Sustainable is the mot du jour at Harvard, where president Drew Faust has been marching in lockstep with Green Grad Number One Al Gore. Just last week Gore was on campus, braying that "Crimson is the new green" to anyone who would listen. (Speaking of food, isn't it good to see that Al has ditched the Atkins diet? He's looking more substantial every day.)

Here's the exchange I imagine taking place inside Massachusetts Hall, the throbbing omphalos of power at the World's Greatest University:

President Faust: Well, we can either give [famed stem cell researcher Doug Melton] another 200,000 square feet to cure diabetes, or we can grow organic bell peppers for rich kids from Lake Forest and Shaker Heights.

Chorus of faceless minions: Bell peppers! Bell peppers!

Faust: In Allston, we have a choice - We can build a special museum wing for the priceless artwork that Mrs. Pulitzer gave us, or we can raise goats in a dung-filled hollow to make artisanal cheese.

Minions: Artisanal cheese! Artisanal cheese!

If Harvard had any economists in its employ - any economists who weren't upsucking 24/7 for a job in the Obama administration, that is - these experts might explain the folly of trying to grow food on expensive urban land. (See: doctrine of utility and substitution; "highest and best use," etc.) If they had any climatologists not busy penning op-eds decrying global warming, these experts might explain the folly of expecting the New England climate to produce food, year-round. If they knew anything about Allston, they might remember that the neighborhood's shuttered body shops made it the world capital of midnight dumping.

But I digress.

Here's the part that really grates: Yale.

Down at the World's Second Greatest University, thanks to some savvy footwork by the admissions office - they accepted the daughter of Berkeley-based food goddess Alice Waters - they've been drowning in free publicity for their Sustainable Food Project and on-campus farm. The Atlantic eulogized Yale's innovative cuisine in 2004: "Even the chicken breasts taste like chicken." The New York Times quickly piled on, marveling at Yale's "fair-trade coffee and . . . fresh-cut potato chips from organic potatoes grown in Connecticut." USA Today even found a student who picked Yale over Harvard because of W2GU's commitment to sustainable agriculture. Talk about yield!

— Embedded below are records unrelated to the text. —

lemma add_closed_mod_nontrivial_meets_Pstar:
  assumes "t > 0"
    and closed: "add_closed_mod t S"
    and "S 0 0" "S i j" "i < t" "j < 2" "(i, j) \<noteq> (0, 0)"
  shows "S 0 1 \<or> (even t \<and> S (t div 2) 1) \<or> (\<exists>p. prime p \<and> p dvd t \<and> S (t div p) 0)"
proof -
  note multiples = add_closed_mod_multiples[OF \<open>t > 0\<close> closed \<open>S 0 0\<close> \<open>S i j\<close> \<open>i < t\<close> \<open>j < 2\<close>]
  note prime_index = add_closed_mod_prime_index[OF \<open>t > 0\<close> closed \<open>S 0 0\<close>]
  consider "j = 0" | "j = 1" "odd t" | "j = 1" "even t"
    using \<open>j < 2\<close> by linarith
  then show ?thesis
  proof cases
    case 1
    then show ?thesis using prime_index \<open>S i j\<close> assms(5,7) by auto
  next
    case 2
    then show ?thesis using multiples[of t] by (simp add: odd_iff_mod_2_eq_one)
  next
    case 3
    show ?thesis
    proof (cases "(2 * i) mod t = 0")
      case True
      then obtain c where c: "2 * i = t * c" by (metis mod_0_imp_dvd dvdE)
      with \<open>i < t\<close> have "t * c < t * 2" by linarith
      then have "c = 0 \<or> c = 1" by (simp add: less_2_cases_iff)
      then have "i = 0 \<or> i = t div 2" using c by auto
      then show ?thesis using \<open>S i j\<close> 3 by auto
    next
      case False
      then show ?thesis using prime_index multiples[of 2] \<open>t > 0\<close> 3 by auto
    qed
  qed
qed

lemma mod_neg_add_eq_0_iff:
  fixes i i' t :: nat
  assumes "i < t" "i' < t"
  shows "(t - i' + i) mod t = 0 \<longleftrightarrow> i = i'"
proof (cases "i' \<le> i")
  case True
  then have "t - i' + i = (i - i') + t" using assms by simp
  then have "(t - i' + i) mod t = i - i'"
    using assms by (metis mod_add_self2 mod_less less_imp_diff_less)
  then show ?thesis using True by auto
next
  case False
  then show ?thesis using assms by simp
qed

lemma id_in_auts: "id \<in> auts V E"
  unfolding auts_def by auto

lemma auts_closed: "f \<in> auts V E \<Longrightarrow> x \<in> V \<Longrightarrow> f x \<in> V"
  unfolding auts_def bij_betw_def by auto

lemma auts_inj:
  assumes "f \<in> auts V E"
  shows "inj f"
proof (rule injI)
  fix x y assume "f x = f y"
  have bij: "bij_betw f V V" and fixed: "\<And>x. x \<notin> V \<Longrightarrow> f x = x"
    using assms unfolding auts_def by auto
  show "x = y"
    using \<open>f x = f y\<close> bij_betw_apply[OF bij] bij_betw_imp_inj_on[OF bij] fixed
    by (cases "x \<in> V"; cases "y \<in> V") (auto dest: inj_onD)
qed

lemma auts_idempotent_eq_id:
  assumes "f \<in> auts V E" "f \<circ> f = f"
  shows "f = id"
proof
  fix x
  have "f (f x) = f x" using assms(2) by (metis comp_apply)
  then show "f x = id x" using auts_inj[OF assms(1)] by (simp add: inj_eq)
qed

lemma preserves_id: "preserves V id \<phi>"
  unfolding preserves_def by simp

lemma preserves_comp:
  "preserves V f \<phi> \<Longrightarrow> preserves V g \<phi> \<Longrightarrow> g \<in> auts V E \<Longrightarrow> preserves V (f \<circ> g) \<phi>"
  unfolding preserves_def using auts_closed by fastforce

lemma finite_labelings: "is_graph V E \<Longrightarrow> finite (labelings V k)"
  unfolding labelings_def is_graph_def by (intro finite_PiE) auto

definition stabilizer :: "'a set \<Rightarrow> ('a \<Rightarrow> 'a \<Rightarrow> bool) \<Rightarrow> ('a \<Rightarrow> nat) \<Rightarrow> ('a \<Rightarrow> 'a) set" where
  "stabilizer V E \<phi> = {f \<in> auts V E. preserves V f \<phi>}"

lemma distinguishing_iff_stabilizer: "distinguishing V E \<phi> \<longleftrightarrow> stabilizer V E \<phi> = {id}"
  unfolding distinguishing_def stabilizer_def using id_in_auts preserves_id by blast

lemma Neq_eq_card_stabilizer: "Neq V E k P = card {\<phi> \<in> labelings V k. stabilizer V E \<phi> = P}"
  unfolding Neq_def stabilizer_def ..

definition cyc2_embedding :: "'a set \<Rightarrow> ('a \<Rightarrow> 'a \<Rightarrow> bool) \<Rightarrow> nat \<Rightarrow> (nat \<Rightarrow> nat \<Rightarrow> 'a \<Rightarrow> 'a) \<Rightarrow> bool" where
  "cyc2_embedding V E t \<rho> \<longleftrightarrow>
     (\<forall>i<t. \<forall>j<2. \<rho> i j \<in> auts V E) \<and> inj_on (\<lambda>(i, j). \<rho> i j) ({..<t} \<times> {..<2}) \<and>
     (\<forall>i<t. \<forall>j<2. \<forall>i'<t. \<forall>j'<2. \<rho> i j \<circ> \<rho> i' j' = \<rho> ((i + i') mod t) ((j + j') mod 2))"

lemma cyc2_embeddingD:
  assumes "cyc2_embedding V E t \<rho>" "i < t" "j < 2"
  shows "\<rho> i j \<in> auts V E"
    and "i' < t \<Longrightarrow> j' < 2 \<Longrightarrow> \<rho> i j \<circ> \<rho> i' j' = \<rho> ((i + i') mod t) ((j + j') mod 2)"
    and "i' < t \<Longrightarrow> j' < 2 \<Longrightarrow> \<rho> i j = \<rho> i' j' \<longleftrightarrow> i = i' \<and> j = j'"
proof -
  have inj: "inj_on (\<lambda>(i, j). \<rho> i j) ({..<t} \<times> {..<2})"
    using assms(1) unfolding cyc2_embedding_def by blast
  show "\<rho> i j \<in> auts V E" using assms unfolding cyc2_embedding_def by blast
  show "\<rho> i j \<circ> \<rho> i' j' = \<rho> ((i + i') mod t) ((j + j') mod 2)" if "i' < t" "j' < 2"
    using assms that unfolding cyc2_embedding_def by blast
  show "\<rho> i j = \<rho> i' j' \<longleftrightarrow> i = i' \<and> j = j'" if "i' < t" "j' < 2"
    using inj_onD[OF inj, of "(i, j)" "(i', j')"] assms(2,3) that by auto
qed

lemma cyc2_embedding_zero:
  assumes "cyc2_embedding V E t \<rho>" "t > 0"
  shows "\<rho> 0 0 = id"
  using cyc2_embeddingD(1)[OF assms(1) assms(2), where j = 0]
    cyc2_embeddingD(2)[OF assms(1) assms(2), where j = 0 and i' = 0 and j' = 0] assms(2)
  by (intro auts_idempotent_eq_id) simp_all

lemma finite_Pstar_cyc:
  assumes "t > 0"
  shows "finite (Pstar_cyc t \<rho>)"
proof -
  have "{p. prime p \<and> p dvd t} \<subseteq> {..t}" using assms by (auto dest: dvd_imp_le)
  then have "finite ((\<lambda>p. \<rho> (t div p) 0) ` {p. prime p \<and> p dvd t})"
    by (blast intro: finite_subset)
  moreover have "{\<rho> (t div p) 0 | p. prime p \<and> p dvd t} = (\<lambda>p. \<rho> (t div p) 0) ` {p. prime p \<and> p dvd t}"
    by blast
  ultimately show ?thesis unfolding Pstar_cyc_def by simp
qed

lemma Pstar_cyc_elements:
  assumes "f \<in> Pstar_cyc t \<rho>" "t > 0"
  obtains i j where "f = \<rho> i j" "i < t" "j < 2" "(i, j) \<noteq> (0, 0)"
proof -
  have "t div p < t \<and> t div p \<noteq> 0" if "prime p" "p dvd t" for p
    using that \<open>t > 0\<close> prime_gt_1_nat by (auto simp: dvd_div_eq_0_iff)
  then show ?thesis
    using assms that unfolding Pstar_cyc_def by (cases "odd t") auto
qed

lemma Pstar_cyc_nontrivial:
  assumes "cyc2_embedding V E t \<rho>" "t > 0" "f \<in> Pstar_cyc t \<rho>"
  shows "f \<in> auts V E" "f \<noteq> id"
proof -
  obtain i j where ij: "f = \<rho> i j" "i < t" "j < 2" "(i, j) \<noteq> (0, 0)"
    using Pstar_cyc_elements[OF assms(3,2)] .
  then show "f \<in> auts V E" using cyc2_embeddingD(1)[OF assms(1)] by blast
  show "f \<noteq> id"
    using ij cyc2_embeddingD(3)[OF assms(1) ij(2,3), of 0 0] cyc2_embedding_zero[OF assms(1,2)] assms(2)
    by auto
qed

lemma preserves_nontrivial_imp_preserves_Pstar:
  assumes emb: "cyc2_embedding V E t \<rho>" and "t > 0" "i < t" "j < 2" "(i, j) \<noteq> (0, 0)"
    and "preserves V (\<rho> i j) \<phi>"
  shows "\<exists>f\<in>Pstar_cyc t \<rho>. preserves V f \<phi>"
proof -
  define S where "S i j \<longleftrightarrow> preserves V (\<rho> i j) \<phi>" for i j
  have closed: "add_closed_mod t S"
    unfolding add_closed_mod_def
  proof (intro allI impI)
    fix i j i' j' assume "i < t" "j < 2" "i' < t" "j' < 2" "S i j" "S i' j'"
    then have "preserves V (\<rho> i j \<circ> \<rho> i' j') \<phi>"
      using preserves_comp cyc2_embeddingD(1)[OF emb] unfolding S_def by blast
    then show "S ((i + i') mod t) ((j + j') mod 2)"
      unfolding S_def using cyc2_embeddingD(2)[OF emb] \<open>i < t\<close> \<open>j < 2\<close> \<open>i' < t\<close> \<open>j' < 2\<close> by simp
  qed
  have "S 0 0" unfolding S_def using cyc2_embedding_zero[OF emb \<open>t > 0\<close>] preserves_id by simp
  from add_closed_mod_nontrivial_meets_Pstar[OF \<open>t > 0\<close> closed this, of i j] assms(3-6)
  show ?thesis unfolding S_def Pstar_cyc_def by auto
qed

lemma cyc2_iso_embedding:
  assumes "cyc2_iso V E t \<pi>"
  shows "cyc2_embedding V E t \<pi>"
proof -
  have bij: "bij_betw (\<lambda>(i, j). \<pi> i j) ({..<t} \<times> {..<2}) (auts V E)"
    using assms unfolding cyc2_iso_def by blast
  have "\<pi> i j \<in> auts V E" if "i < t" "j < 2" for i j
    using bij_betw_apply[OF bij, of "(i, j)"] that by simp
  then show ?thesis
    using assms bij_betw_imp_inj_on[OF bij] unfolding cyc2_iso_def cyc2_embedding_def by blast
qed

lemma cyc2_iso_surj:
  assumes "cyc2_iso V E t \<pi>" "f \<in> auts V E"
  obtains i j where "f = \<pi> i j" "i < t" "j < 2"
proof -
  have "f \<in> (\<lambda>(i, j). \<pi> i j) ` ({..<t} \<times> {..<2})"
    using assms unfolding cyc2_iso_def bij_betw_def by blast
  then show ?thesis using that by auto
qed

lemma cyc2_iso_distinguishing_iff:
  assumes "cyc2_iso V E t \<pi>" "t > 0"
  shows "distinguishing V E \<phi> \<longleftrightarrow> (\<forall>f\<in>Pstar_cyc t \<pi>. \<not> preserves V f \<phi>)"
proof
  assume "distinguishing V E \<phi>"
  then show "\<forall>f\<in>Pstar_cyc t \<pi>. \<not> preserves V f \<phi>"
    using Pstar_cyc_nontrivial[OF cyc2_iso_embedding[OF assms(1)] assms(2)]
    unfolding distinguishing_def by blast
next
  assume avoids: "\<forall>f\<in>Pstar_cyc t \<pi>. \<not> preserves V f \<phi>"
  show "distinguishing V E \<phi>" unfolding distinguishing_def
  proof (intro ballI impI)
    fix f assume "f \<in> auts V E" "preserves V f \<phi>"
    moreover obtain i j where "f = \<pi> i j" "i < t" "j < 2"
      using cyc2_iso_surj[OF assms(1) \<open>f \<in> auts V E\<close>] .
    ultimately show "f = id"
      using preserves_nontrivial_imp_preserves_Pstar[OF cyc2_iso_embedding[OF assms(1)] assms(2)]
        cyc2_embedding_zero[OF cyc2_iso_embedding[OF assms(1)] assms(2)] avoids
      by blast
  qed
qed

lemma Lcount_cyc2_iso:
  assumes "is_graph V E" "cyc2_iso V E t \<pi>" "t > 0"
  shows "int (Lcount V E k) = (\<Sum>P \<in> Pow (Pstar_cyc t \<pi>). (-1) ^ card P * int (Nge V k P))"
  unfolding Lcount_def Nge_def cyc2_iso_distinguishing_iff[OF assms(2,3)]
  by (rule inclusion_exclusion_avoiding[OF finite_labelings[OF assms(1)] finite_Pstar_cyc[OF assms(3)]])

subsection \<open>The dihedral case\<close>

lemma dih2_isoD:
  assumes "dih2_iso V E t \<pi>" "i < t" "j < 2"
  shows "\<pi> a i j \<in> auts V E"
    and "i' < t \<Longrightarrow> j' < 2 \<Longrightarrow> \<pi> a i j = \<pi> a' i' j' \<longleftrightarrow> a = a' \<and> i = i' \<and> j = j'"
    and "i' < t \<Longrightarrow> j' < 2 \<Longrightarrow>
      \<pi> a i j \<circ> \<pi> a' i' j' = \<pi> (a \<noteq> a') (((if a' then t - i else i) + i') mod t) ((j + j') mod 2)"
proof -
  have bij: "bij_betw (\<lambda>(a, i, j). \<pi> a i j) (UNIV \<times> {..<t} \<times> {..<2}) (auts V E)"
    using assms(1) unfolding dih2_iso_def by blast
  show "\<pi> a i j \<in> auts V E"
    using bij_betw_apply[OF bij, of "(a, i, j)"] assms(2,3) by simp
  show "\<pi> a i j = \<pi> a' i' j' \<longleftrightarrow> a = a' \<and> i = i' \<and> j = j'" if "i' < t" "j' < 2"
    using inj_onD[OF bij_betw_imp_inj_on[OF bij], of "(a, i, j)" "(a', i', j')"] assms(2,3) that
    by auto
  show "\<pi> a i j \<circ> \<pi> a' i' j' = \<pi> (a \<noteq> a') (((if a' then t - i else i) + i') mod t) ((j + j') mod 2)"
    if "i' < t" "j' < 2"
    using assms that unfolding dih2_iso_def by blast
qed

lemma dih2_iso_surj:
  assumes "dih2_iso V E t \<pi>" "f \<in> auts V E"
  obtains a i j where "f = \<pi> a i j" "i < t" "j < 2"
proof -
  have "f \<in> (\<lambda>(a, i, j). \<pi> a i j) ` (UNIV \<times> {..<t} \<times> {..<2})"
    using assms unfolding dih2_iso_def bij_betw_def by blast
  then show ?thesis using that by auto
qed

lemma dih2_iso_rotation_embedding:
  assumes "dih2_iso V E t \<pi>"
  shows "cyc2_embedding V E t (\<pi> False)"
  unfolding cyc2_embedding_def
  using dih2_isoD[OF assms] by (auto intro!: inj_onI)

lemma dih2_iso_rotation_zero:
  assumes "dih2_iso V E t \<pi>" "t > 0"
  shows "\<pi> False 0 0 = id"
  using cyc2_embedding_zero[OF dih2_iso_rotation_embedding[OF assms(1)] assms(2)] .

lemma dih2_iso_reflection_ne_id:
  assumes "dih2_iso V E t \<pi>" "t > 0" "i < t" "b < 2"
  shows "\<pi> True i b \<noteq> id"
  using dih2_isoD(2)[OF assms(1,3,4), where a = True and a' = False and i' = 0 and j' = 0] assms(2)
    dih2_iso_rotation_zero[OF assms(1,2)]
  by auto

lemma dih2_iso_reflection_pairs_inj:
  assumes iso: "dih2_iso V E t \<pi>" and "t > 0"
  shows "inj_on (\<lambda>(b, i). {id, \<pi> True i b}) ({..<2} \<times> {..<t})"
proof (rule inj_onI, clarsimp)
  fix b i b' i' :: nat
  assume "b < 2" "i < t" "b' < 2" "i' < t" "{id, \<pi> True i b} = {id, \<pi> True i' b'}"
  then have "\<pi> True i b = \<pi> True i' b'"
    using dih2_iso_reflection_ne_id[OF iso \<open>t > 0\<close>] by (metis doubleton_eq_iff)
  then show "b = b' \<and> i = i'" using dih2_isoD(2)[OF iso \<open>i < t\<close> \<open>b < 2\<close>] \<open>b' < 2\<close> \<open>i' < t\<close> by blast
qed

As it happens, it was idealistic Harvard grads who traveled to area code 203 to put the Yale project in the ground. "I needed to come to Yale to start this program," says the university's sustainability director Melina Shannon-DiPietro, who graduated from Harvard in 2000. About a hundred Yalies till the university's one-acre demonstration farm behind the Forestry School. "Lots of Harvard students come here to visit," says DiPietro, who adds, graciously: "We're certainly prepared to help them get their own farm up and running."

One thing is for certain: These kids are eating well. Harvard Dining Services, which makes up to 25,000 meals daily, is more than equal to the task of alimenting the Whole Foods generation. HDS serves only "cage-free, organic, locally raised and certified humane" shell eggs from Monroe, N.H.; yes, artisanal cheeses from New England; Bear Naked granola; Tommy's natural sodas from Brighton; and so on.

Yale brings plenty of artillery to bear in this academic farms race: They've got certified organic salsa, Vincent Kay's Swords Into Ploughshares honey, and "ecologically grown apples and pears."

All for only $50,000 a year! With a side helping of education.